→ TASK DIRECTIONS:
Write the records out once more, exactly as they appear below.

---------- MATERIAL SHOWN ----------

text \<open>Two in-arcs \<open>a \<rightarrow> b\<close>, \<open>c \<rightarrow> b\<close> would close a cycle with the walk from a back to r and on
  to c, which avoids b because b reaches neither a nor c.\<close>

lemma out_tree_in_arc_unique:
  assumes otr: "out_tree VT ET r" and ab: "(a, b) \<in> ET" and cb: "(c, b) \<in> ET"
  shows "a = c"
proof (rule ccontr)
  assume "a \<noteq> c"
  have ot: "oriented_tree VT ET" using otr by (simp add: out_tree_def)
  have sub: "ET \<subseteq> VT \<times> VT" and "a \<noteq> b"
    using ot ab by (auto simp: oriented_tree_def digraph_def)
  define A where "A = {(x, y). adj ET x y} \<inter> (VT - {b}) \<times> (VT - {b})"
  have to_A: "(r, v) \<in> A\<^sup>*" if "(v, b) \<in> ET" for v
  proof -
    have "(r, v) \<in> ET\<^sup>*" using otr that sub by (auto simp: out_tree_def)
    then have "(r, v) \<in> (ET \<inter> (- {b}) \<times> (- {b}))\<^sup>*"
      using oriented_tree_no_return_path[OF ot that] by (rule rtrancl_avoiding)
    moreover have "ET \<inter> (- {b}) \<times> (- {b}) \<subseteq> A" using sub by (auto simp: A_def adj_def)
    ultimately show ?thesis by (meson rtrancl_mono subsetD)
  qed
  have "sym A" by (auto simp: A_def sym_def adj_def)
  then have "(a, r) \<in> A\<^sup>*" using to_A[OF ab] by (metis rtrancl_converseI sym_conv_converse_eq)
  then have "(a, c) \<in> A\<^sup>*" using to_A[OF cb] by (rule rtrancl_trans)
  then obtain ps where path: "rtrancl_path (\<lambda>u v. (u, v) \<in> A) a ps c" and dist: "distinct (a # ps)"
    by (rule rtrancl_distinct_pathE)
  have "A \<subseteq> (VT - {b}) \<times> (VT - {b})" by (auto simp: A_def)
  then have in_VT: "set (a # ps) \<subseteq> VT - {b}"
    using rtrancl_path_set_subset[OF path] ab sub \<open>a \<noteq> b\<close> by blast
  have "rtrancl_path (adj ET) a ps c"
    using path by (rule rtrancl_path_mono) (simp add: A_def)
  moreover have "rtrancl_path (adj ET) c [b] b"
    using cb by (auto simp: adj_def intro: rtrancl_path.intros)
  ultimately have "rtrancl_path (adj ET) a (ps @ [b]) b"
    by (rule rtrancl_path_trans)
  moreover have "ps \<noteq> []" using path \<open>a \<noteq> c\<close> by (auto elim: rtrancl_path.cases)
  ultimately have "ug_has_cycle VT ET"
    using dist in_VT ab sub by (intro ug_has_cycleI[of ET a "ps @ [b]"]) (auto simp: adj_def Suc_le_eq)
  then show False using ot by (simp add: oriented_tree_def)
qed
lemma rtrancl_exit_arc:
  assumes "(r, v) \<in> R\<^sup>*" "r \<in> W" "v \<notin> W"
  shows "\<exists>a b. (a, b) \<in> R \<and> a \<in> W \<and> b \<notin> W"
  using assms by (induction rule: rtrancl_induct) auto

lemma ug_connected_insert:
  assumes "ug_connected W F" "a \<in> W" "F \<subseteq> F'" "(a, b) \<in> F'"
  shows "ug_connected (insert b W) F'"
proof -
  let ?R = "{(x, y). adj F x y} \<inter> W \<times> W"
  let ?R' = "{(x, y). adj F' x y} \<inter> insert b W \<times> insert b W"
  have "?R \<subseteq> ?R'" using assms(3) by (auto simp: adj_def)
  then have in_W: "(u, v) \<in> ?R'\<^sup>*" if "u \<in> W" "v \<in> W" for u v
    using assms(1) that rtrancl_mono unfolding ug_connected_def by blast
  have "(a, b) \<in> ?R'" "(b, a) \<in> ?R'" using assms(2,4) by (auto simp: adj_def)
  then have "(u, b) \<in> ?R'\<^sup>*" "(b, u) \<in> ?R'\<^sup>*" if "u \<in> W" for u
    using in_W[OF that assms(2)] in_W[OF assms(2) that]
    by (auto intro: rtrancl_into_rtrancl converse_rtrancl_into_rtrancl)
  then show ?thesis using in_W unfolding ug_connected_def by auto
qed

definition has_tree_partition :: "'a set \<Rightarrow> ('a \<times> 'a) set \<Rightarrow> 'b set \<Rightarrow> ('b \<times> 'b) set \<Rightarrow> bool" where
  "has_tree_partition V E VT ET \<longleftrightarrow> (\<exists>U X Y. U \<union> X \<union> Y = V \<and> U \<inter> X = {} \<and> U \<inter> Y = {} \<and> X \<inter> Y = {}
     \<and> (\<exists>W F. subtree W F VT ET \<and> embeds_onto W F V E U)
     \<and> card X = card Y
     \<and> (\<forall>x\<in>X. card {y\<in>Y. (x, y) \<in> E} < card VT))"

definition low_outdegree_set :: "'a set \<Rightarrow> ('a \<times> 'a) set \<Rightarrow> nat \<Rightarrow> 'a set \<Rightarrow> bool" where
  "low_outdegree_set V E k X \<longleftrightarrow>
     X \<subseteq> V \<and> 2 * card X \<le> card V \<and> (\<forall>x\<in>X. card {y \<in> V - X. (x, y) \<in> E} < k)"

definition root_embedding ::
    "'b set \<Rightarrow> ('b \<times> 'b) set \<Rightarrow> 'b \<Rightarrow> 'b set \<Rightarrow> ('a \<times> 'a) set \<Rightarrow> 'a set \<Rightarrow> ('b \<Rightarrow> 'a) \<Rightarrow> bool" where
  "root_embedding VT ET r W E Z f \<longleftrightarrow>
     W \<subseteq> VT \<and> (W \<noteq> {} \<longrightarrow> r \<in> W) \<and> (\<forall>u v. (u, v) \<in> ET \<longrightarrow> v \<in> W \<longrightarrow> u \<in> W)
     \<and> ug_connected W (ET \<inter> W \<times> W) \<and> inj_on f W \<and> f ` W \<subseteq> Z
     \<and> (\<forall>u v. (u, v) \<in> ET \<longrightarrow> u \<in> W \<longrightarrow> v \<in> W \<longrightarrow> (f u, f v) \<in> E)"

lemma root_embedding_empty: "root_embedding VT ET r {} E Z f"
  by (simp add: root_embedding_def ug_connected_def)

lemma root_embedding_root:
  assumes otr: "out_tree VT ET r" and "z \<in> Z"
  shows "root_embedding VT ET r {r} E Z (\<lambda>_. z)"
  using assms out_tree_root_no_in_arc[OF otr]
  by (auto simp: root_embedding_def out_tree_def ug_connected_def)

----------

→ EXERCISE RESPONSE:
text \<open>Two in-arcs \<open>a \<rightarrow> b\<close>, \<open>c \<rightarrow> b\<close> would close a cycle with the walk from a back to r and on
  to c, which avoids b because b reaches neither a nor c.\<close>

lemma out_tree_in_arc_unique:
  assumes otr: "out_tree VT ET r" and ab: "(a, b) \<in> ET" and cb: "(c, b) \<in> ET"
  shows "a = c"
proof (rule ccontr)
  assume "a \<noteq> c"
  have ot: "oriented_tree VT ET" using otr by (simp add: out_tree_def)
  have sub: "ET \<subseteq> VT \<times> VT" and "a \<noteq> b"
    using ot ab by (auto simp: oriented_tree_def digraph_def)
  define A where "A = {(x, y). adj ET x y} \<inter> (VT - {b}) \<times> (VT - {b})"
  have to_A: "(r, v) \<in> A\<^sup>*" if "(v, b) \<in> ET" for v
  proof -
    have "(r, v) \<in> ET\<^sup>*" using otr that sub by (auto simp: out_tree_def)
    then have "(r, v) \<in> (ET \<inter> (- {b}) \<times> (- {b}))\<^sup>*"
      using oriented_tree_no_return_path[OF ot that] by (rule rtrancl_avoiding)
    moreover have "ET \<inter> (- {b}) \<times> (- {b}) \<subseteq> A" using sub by (auto simp: A_def adj_def)
    ultimately show ?thesis by (meson rtrancl_mono subsetD)
  qed
  have "sym A" by (auto simp: A_def sym_def adj_def)
  then have "(a, r) \<in> A\<^sup>*" using to_A[OF ab] by (metis rtrancl_converseI sym_conv_converse_eq)
  then have "(a, c) \<in> A\<^sup>*" using to_A[OF cb] by (rule rtrancl_trans)
  then obtain ps where path: "rtrancl_path (\<lambda>u v. (u, v) \<in> A) a ps c" and dist: "distinct (a # ps)"
    by (rule rtrancl_distinct_pathE)
  have "A \<subseteq> (VT - {b}) \<times> (VT - {b})" by (auto simp: A_def)
  then have in_VT: "set (a # ps) \<subseteq> VT - {b}"
    using rtrancl_path_set_subset[OF path] ab sub \<open>a \<noteq> b\<close> by blast
  have "rtrancl_path (adj ET) a ps c"
    using path by (rule rtrancl_path_mono) (simp add: A_def)
  moreover have "rtrancl_path (adj ET) c [b] b"
    using cb by (auto simp: adj_def intro: rtrancl_path.intros)
  ultimately have "rtrancl_path (adj ET) a (ps @ [b]) b"
    by (rule rtrancl_path_trans)
  moreover have "ps \<noteq> []" using path \<open>a \<noteq> c\<close> by (auto elim: rtrancl_path.cases)
  ultimately have "ug_has_cycle VT ET"
    using dist in_VT ab sub by (intro ug_has_cycleI[of ET a "ps @ [b]"]) (auto simp: adj_def Suc_le_eq)
  then show False using ot by (simp add: oriented_tree_def)
qed
lemma rtrancl_exit_arc:
  assumes "(r, v) \<in> R\<^sup>*" "r \<in> W" "v \<notin> W"
  shows "\<exists>a b. (a, b) \<in> R \<and> a \<in> W \<and> b \<notin> W"
  using assms by (induction rule: rtrancl_induct) auto

lemma ug_connected_insert:
  assumes "ug_connected W F" "a \<in> W" "F \<subseteq> F'" "(a, b) \<in> F'"
  shows "ug_connected (insert b W) F'"
proof -
  let ?R = "{(x, y). adj F x y} \<inter> W \<times> W"
  let ?R' = "{(x, y). adj F' x y} \<inter> insert b W \<times> insert b W"
  have "?R \<subseteq> ?R'" using assms(3) by (auto simp: adj_def)
  then have in_W: "(u, v) \<in> ?R'\<^sup>*" if "u \<in> W" "v \<in> W" for u v
    using assms(1) that rtrancl_mono unfolding ug_connected_def by blast
  have "(a, b) \<in> ?R'" "(b, a) \<in> ?R'" using assms(2,4) by (auto simp: adj_def)
  then have "(u, b) \<in> ?R'\<^sup>*" "(b, u) \<in> ?R'\<^sup>*" if "u \<in> W" for u
    using in_W[OF that assms(2)] in_W[OF assms(2) that]
    by (auto intro: rtrancl_into_rtrancl converse_rtrancl_into_rtrancl)
  then show ?thesis using in_W unfolding ug_connected_def by auto
qed

definition has_tree_partition :: "'a set \<Rightarrow> ('a \<times> 'a) set \<Rightarrow> 'b set \<Rightarrow> ('b \<times> 'b) set \<Rightarrow> bool" where
  "has_tree_partition V E VT ET \<longleftrightarrow> (\<exists>U X Y. U \<union> X \<union> Y = V \<and> U \<inter> X = {} \<and> U \<inter> Y = {} \<and> X \<inter> Y = {}
     \<and> (\<exists>W F. subtree W F VT ET \<and> embeds_onto W F V E U)
     \<and> card X = card Y
     \<and> (\<forall>x\<in>X. card {y\<in>Y. (x, y) \<in> E} < card VT))"

definition low_outdegree_set :: "'a set \<Rightarrow> ('a \<times> 'a) set \<Rightarrow> nat \<Rightarrow> 'a set \<Rightarrow> bool" where
  "low_outdegree_set V E k X \<longleftrightarrow>
     X \<subseteq> V \<and> 2 * card X \<le> card V \<and> (\<forall>x\<in>X. card {y \<in> V - X. (x, y) \<in> E} < k)"

definition root_embedding ::
    "'b set \<Rightarrow> ('b \<times> 'b) set \<Rightarrow> 'b \<Rightarrow> 'b set \<Rightarrow> ('a \<times> 'a) set \<Rightarrow> 'a set \<Rightarrow> ('b \<Rightarrow> 'a) \<Rightarrow> bool" where
  "root_embedding VT ET r W E Z f \<longleftrightarrow>
     W \<subseteq> VT \<and> (W \<noteq> {} \<longrightarrow> r \<in> W) \<and> (\<forall>u v. (u, v) \<in> ET \<longrightarrow> v \<in> W \<longrightarrow> u \<in> W)
     \<and> ug_connected W (ET \<inter> W \<times> W) \<and> inj_on f W \<and> f ` W \<subseteq> Z
     \<and> (\<forall>u v. (u, v) \<in> ET \<longrightarrow> u \<in> W \<longrightarrow> v \<in> W \<longrightarrow> (f u, f v) \<in> E)"

lemma root_embedding_empty: "root_embedding VT ET r {} E Z f"
  by (simp add: root_embedding_def ug_connected_def)

lemma root_embedding_root:
  assumes otr: "out_tree VT ET r" and "z \<in> Z"
  shows "root_embedding VT ET r {r} E Z (\<lambda>_. z)"
  using assms out_tree_root_no_in_arc[OF otr]
  by (auto simp: root_embedding_def out_tree_def ug_connected_def)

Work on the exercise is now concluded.